> [THE TASK] Below are some records. Return exactly the lines from the one containing "using v_in by (auto simp: V'_def swap_def)" through the one containing "(\<lambda>l. p l x ((x", both included, and only those.

> [MATERIAL TO PROCESS]
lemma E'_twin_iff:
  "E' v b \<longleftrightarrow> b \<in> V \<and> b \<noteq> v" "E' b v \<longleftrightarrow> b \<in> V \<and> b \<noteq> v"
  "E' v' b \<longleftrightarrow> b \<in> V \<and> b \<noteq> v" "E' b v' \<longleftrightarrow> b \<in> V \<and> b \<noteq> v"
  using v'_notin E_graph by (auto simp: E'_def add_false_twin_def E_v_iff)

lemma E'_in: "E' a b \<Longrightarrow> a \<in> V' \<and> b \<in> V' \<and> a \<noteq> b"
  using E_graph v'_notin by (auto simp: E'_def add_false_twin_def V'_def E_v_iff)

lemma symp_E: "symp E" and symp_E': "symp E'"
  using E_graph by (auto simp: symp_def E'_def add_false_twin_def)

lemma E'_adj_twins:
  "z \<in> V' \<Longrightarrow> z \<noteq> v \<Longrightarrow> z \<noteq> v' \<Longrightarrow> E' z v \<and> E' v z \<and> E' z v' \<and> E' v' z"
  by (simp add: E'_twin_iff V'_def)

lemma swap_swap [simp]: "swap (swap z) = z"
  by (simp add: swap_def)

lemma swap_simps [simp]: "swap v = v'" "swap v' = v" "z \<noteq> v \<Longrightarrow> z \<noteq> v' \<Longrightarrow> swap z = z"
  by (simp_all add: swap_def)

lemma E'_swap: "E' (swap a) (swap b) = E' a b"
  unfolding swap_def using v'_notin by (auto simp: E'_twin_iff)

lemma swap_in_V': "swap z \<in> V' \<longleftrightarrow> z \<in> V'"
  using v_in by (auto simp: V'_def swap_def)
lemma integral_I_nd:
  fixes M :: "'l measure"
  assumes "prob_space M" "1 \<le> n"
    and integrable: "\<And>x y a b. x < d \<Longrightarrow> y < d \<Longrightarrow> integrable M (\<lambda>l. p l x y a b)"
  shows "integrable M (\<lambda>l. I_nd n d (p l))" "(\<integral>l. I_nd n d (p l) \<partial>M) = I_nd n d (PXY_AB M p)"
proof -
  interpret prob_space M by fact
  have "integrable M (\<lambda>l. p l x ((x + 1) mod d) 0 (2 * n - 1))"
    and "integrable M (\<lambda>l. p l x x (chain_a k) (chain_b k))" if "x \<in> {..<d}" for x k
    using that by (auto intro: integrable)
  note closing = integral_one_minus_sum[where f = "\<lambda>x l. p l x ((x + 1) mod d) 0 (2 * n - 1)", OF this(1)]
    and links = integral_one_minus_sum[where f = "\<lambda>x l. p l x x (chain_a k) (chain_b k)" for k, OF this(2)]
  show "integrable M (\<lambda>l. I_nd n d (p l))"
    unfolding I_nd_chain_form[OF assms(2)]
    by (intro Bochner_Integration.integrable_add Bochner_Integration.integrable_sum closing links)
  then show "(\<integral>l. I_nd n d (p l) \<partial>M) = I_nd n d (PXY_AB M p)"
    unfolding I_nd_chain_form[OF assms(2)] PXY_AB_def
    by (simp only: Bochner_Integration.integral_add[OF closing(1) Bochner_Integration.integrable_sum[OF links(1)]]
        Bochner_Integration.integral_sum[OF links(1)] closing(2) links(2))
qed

> [ANSWER SPACE]
  using v_in by (auto simp: V'_def swap_def)
lemma integral_I_nd:
  fixes M :: "'l measure"
  assumes "prob_space M" "1 \<le> n"
    and integrable: "\<And>x y a b. x < d \<Longrightarrow> y < d \<Longrightarrow> integrable M (\<lambda>l. p l x y a b)"
  shows "integrable M (\<lambda>l. I_nd n d (p l))" "(\<integral>l. I_nd n d (p l) \<partial>M) = I_nd n d (PXY_AB M p)"
proof -
  interpret prob_space M by fact
  have "integrable M (\<lambda>l. p l x ((x + 1) mod d) 0 (2 * n - 1))"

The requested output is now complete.